(* Let $T\ge1$, $\mathcal{X}_t=\mathbb{R}^{d_t}$ for $t\in\{0,\dots,T\}$, and $\mathcal{A}_1,\dots,\mathcal{A}_T$ finite sets. On a probability space, let $X_0$ be $\mathcal{X}_0$-valued, let $X_s(a_{1:s})$ be $\mathcal{X}_s$-valued random variables for $s\in\{1,\dots,T\}$, $a_{1:s}\in\mathcal{A}_{1:s}$, let $A_s$ be $\mathcal{A}_s$-valued random variables for $s\in\{1,\dots,T\}$, and fix $t\in\{1,\dots,T\}$ and real-valued random variables $(Y(a'_{1:t}) : a'_{1:t}\in\mathcal{A}_{1:t})$. Suppose that for some $a_{1:t}\in\mathcal{A}_{1:t}$, measurable $B_{0:t}\subseteq\mathcal{X}_{0:t}$ (i.e. measurable $B_s\subseteq\mathcal{X}_s$ for each $s$) and $\underline{y},\overline{y}\in\mathbb{R}$ we have $$\mathbb{P}(X_{0:t}(a_{1:t})\in B_{0:t})>0,\qquad \mathbb{P}\big(\underline{y}\le Y(a_{1:t})\le \overline{y}\ \big|\ X_{0:t}(a_{1:t})\in B_{0:t}\big)=1.$$ Define $N:=\max\{0\le s\le t : A_{1:s}=a_{1:s}\}$ and $$\underline{Y}:=\mathbb{1}(A_{1:t}=a_{1:t})\,Y(A_{1:t})+\mathbb{1}(A_{1:t}\ne a_{1:t})\,\underline{y},\qquad \overline{Y}:=\mathbb{1}(A_{1:t}=a_{1:t})\,Y(A_{1:t})+\mathbb{1}(A_{1:t}\ne a_{1:t})\,\overline{y}.$$ Then $$\mathbb{E}[\underline{Y}\mid X_{0:N}(A_{1:N})\in B_{0:N}]\le \mathbb{E}[Y(a_{1:t})\mid X_{0:t}(a_{1:t})\in B_{0:t}]\le \mathbb{E}[\overline{Y}\mid X_{0:N}(A_{1:N})\in B_{0:N}].$$
   Context: Notation: $z_{t:t'}=(z_t,\dots,z_{t'})$ (empty if $t>t'$); $X_{0:s}(a_{1:s})=(X_0,X_1(a_1),\dots,X_s(a_{1:s}))$; $X_{0:s}(a_{1:s})\in B_{0:s}$ means $X_0\in B_0$ and $X_r(a_{1:r})\in B_r$ for $1\le r\le s$; $Y(A_{1:t})$ and $X_{0:N}(A_{1:N})$ denote the potential outcomes evaluated at the random actions (with $N$ random); $A_{1:0}=a_{1:0}$ holds vacuously, so $N\ge0$ and $X_{0:0}(A_{1:0})=X_0$. No assumption is made on the joint dependence between the actions $A_{1:T}$ and the potential outcomes. *)

theory Defs
  imports "HOL-Probability.Probability"
begin

text \<open>Euclidean space R^d rendered as the product measurable space of d copies of borel
  (functions on indices 0..d-1, extensional outside).\<close>
abbreviation Rspace :: "nat \<Rightarrow> (nat \<Rightarrow> real) measure" where
  "Rspace d \<equiv> PiM {..<d} (\<lambda>_. borel)"

text \<open>Action sequences a_{1:s} are lists of length s whose i-th entry (1-based) lies in Act i.\<close>
definition act_seqs :: "(nat \<Rightarrow> 'b set) \<Rightarrow> nat \<Rightarrow> 'b list set" where
  "act_seqs Act s = {as. length as = s \<and> (\<forall>i<s. as ! i \<in> Act (Suc i))}"

definition act_hist :: "(nat \<Rightarrow> 'w \<Rightarrow> 'b) \<Rightarrow> nat \<Rightarrow> 'w \<Rightarrow> 'b list" where
  "act_hist A s \<omega> = map (\<lambda>i. A i \<omega>) [1..<Suc s]"

text \<open>Event {X_{0:s}(a_{1:s}) \<in> B_{0:s}} for a fixed action sequence a (of length \<ge> s).\<close>
definition hist_event :: "'w measure \<Rightarrow> (nat \<Rightarrow> 'b list \<Rightarrow> 'w \<Rightarrow> nat \<Rightarrow> real)
    \<Rightarrow> (nat \<Rightarrow> (nat \<Rightarrow> real) set) \<Rightarrow> nat \<Rightarrow> 'b list \<Rightarrow> 'w set" where
  "hist_event M X B s a = {\<omega> \<in> space M. \<forall>r\<le>s. X r (take r a) \<omega> \<in> B r}"

definition Nidx :: "(nat \<Rightarrow> 'w \<Rightarrow> 'b) \<Rightarrow> nat \<Rightarrow> 'b list \<Rightarrow> 'w \<Rightarrow> nat" where
  "Nidx A t a \<omega> = Max {s. s \<le> t \<and> act_hist A s \<omega> = take s a}"

definition rand_hist_event :: "'w measure \<Rightarrow> (nat \<Rightarrow> 'b list \<Rightarrow> 'w \<Rightarrow> nat \<Rightarrow> real)
    \<Rightarrow> (nat \<Rightarrow> 'w \<Rightarrow> 'b) \<Rightarrow> (nat \<Rightarrow> (nat \<Rightarrow> real) set) \<Rightarrow> nat \<Rightarrow> 'b list \<Rightarrow> 'w set" where
  "rand_hist_event M X A B t a =
     {\<omega> \<in> space M. \<forall>r\<le>Nidx A t a \<omega>. X r (act_hist A r \<omega>) \<omega> \<in> B r}"

definition cond_prob_ev :: "'w measure \<Rightarrow> 'w set \<Rightarrow> 'w set \<Rightarrow> real" where
  "cond_prob_ev M C E = measure M (C \<inter> E) / measure M E"

definition cond_exp_ev :: "'w measure \<Rightarrow> ('w \<Rightarrow> real) \<Rightarrow> 'w set \<Rightarrow> real" where
  "cond_exp_ev M f E = (\<integral>\<omega>. indicator E \<omega> * f \<omega> \<partial>M) / measure M E"

end

theory Submission
  imports Defs
begin

text \<open>Write E for the event X_{0:t}(a_{1:t}) \<in> B_{0:t}, F for X_{0:N}(A_{1:N}) \<in> B_{0:N}
  and G for A_{1:t} = a_{1:t}. Then E \<subseteq> F and F \<inter> G \<subseteq> E, and on F the variable \underline{Y}
  equals Y(a_{1:t}) on G and ylo off G. Let m \<ge> ylo be the mean of Y(a_{1:t}) on E. On F,
  \underline{Y} is almost surely dominated by the function that equals Y(a_{1:t}) on E and m on
  F - E, whose mean on F is again m. The upper bound follows by negation.\<close>

lemma cond_exp_ev_uminus: "cond_exp_ev M (\<lambda>\<omega>. - f \<omega>) E = - cond_exp_ev M f E"
  by (simp add: cond_exp_ev_def)

lemma AE_cond_prob_ev_eq_1:
  assumes "finite_measure M" "C \<in> sets M" "E \<in> sets M" "cond_prob_ev M C E = 1"
  shows "AE \<omega> in M. \<omega> \<in> E \<longrightarrow> \<omega> \<in> C"
proof -
  interpret finite_measure M by fact
  have "measure M (C \<inter> E) = measure M E"
    using assms(4) by (auto simp: cond_prob_ev_def divide_eq_1_iff)
  then have "measure M (E - C) = 0"
    using finite_measure_Diff'[OF assms(3,2)] by (simp add: Int_commute)
  then have "E - C \<in> null_sets M"
    using assms(2,3) by (simp add: null_sets_def emeasure_eq_measure)
  then show ?thesis by (rule AE_I') auto
qed

context finite_measure
begin

lemma cond_exp_ev_ge_const:
  assumes "E \<in> sets M" "measure M E > 0" "integrable M (\<lambda>\<omega>. indicator E \<omega> * f \<omega>)"
    and "AE \<omega> in M. \<omega> \<in> E \<longrightarrow> c \<le> f \<omega>"
  shows "c \<le> cond_exp_ev M f E"
proof -
  have "(\<integral>\<omega>. indicator E \<omega> * c \<partial>M) \<le> (\<integral>\<omega>. indicator E \<omega> * f \<omega> \<partial>M)"
    using assms(1,3,4)
    by (intro integral_mono_AE integrable_mult_left integrable_real_indicator)
      (auto simp: indicator_def emeasure_eq_measure)
  then show ?thesis
    using assms(1,2) by (simp add: cond_exp_ev_def field_simps mult.commute)
qed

*Work instructions*: Reproduce verbatim only the segment of the listing bounded by the line containing "E) = measure" and the line containing "using assms(1,3,4)", with both boundary lines included.

*Expected output*:
  have "measure M (C \<inter> E) = measure M E"
    using assms(4) by (auto simp: cond_prob_ev_def divide_eq_1_iff)
  then have "measure M (E - C) = 0"
    using finite_measure_Diff'[OF assms(3,2)] by (simp add: Int_commute)
  then have "E - C \<in> null_sets M"
    using assms(2,3) by (simp add: null_sets_def emeasure_eq_measure)
  then show ?thesis by (rule AE_I') auto
qed

context finite_measure
begin

lemma cond_exp_ev_ge_const:
  assumes "E \<in> sets M" "measure M E > 0" "integrable M (\<lambda>\<omega>. indicator E \<omega> * f \<omega>)"
    and "AE \<omega> in M. \<omega> \<in> E \<longrightarrow> c \<le> f \<omega>"
  shows "c \<le> cond_exp_ev M f E"
proof -
  have "(\<integral>\<omega>. indicator E \<omega> * c \<partial>M) \<le> (\<integral>\<omega>. indicator E \<omega> * f \<omega> \<partial>M)"
    using assms(1,3,4)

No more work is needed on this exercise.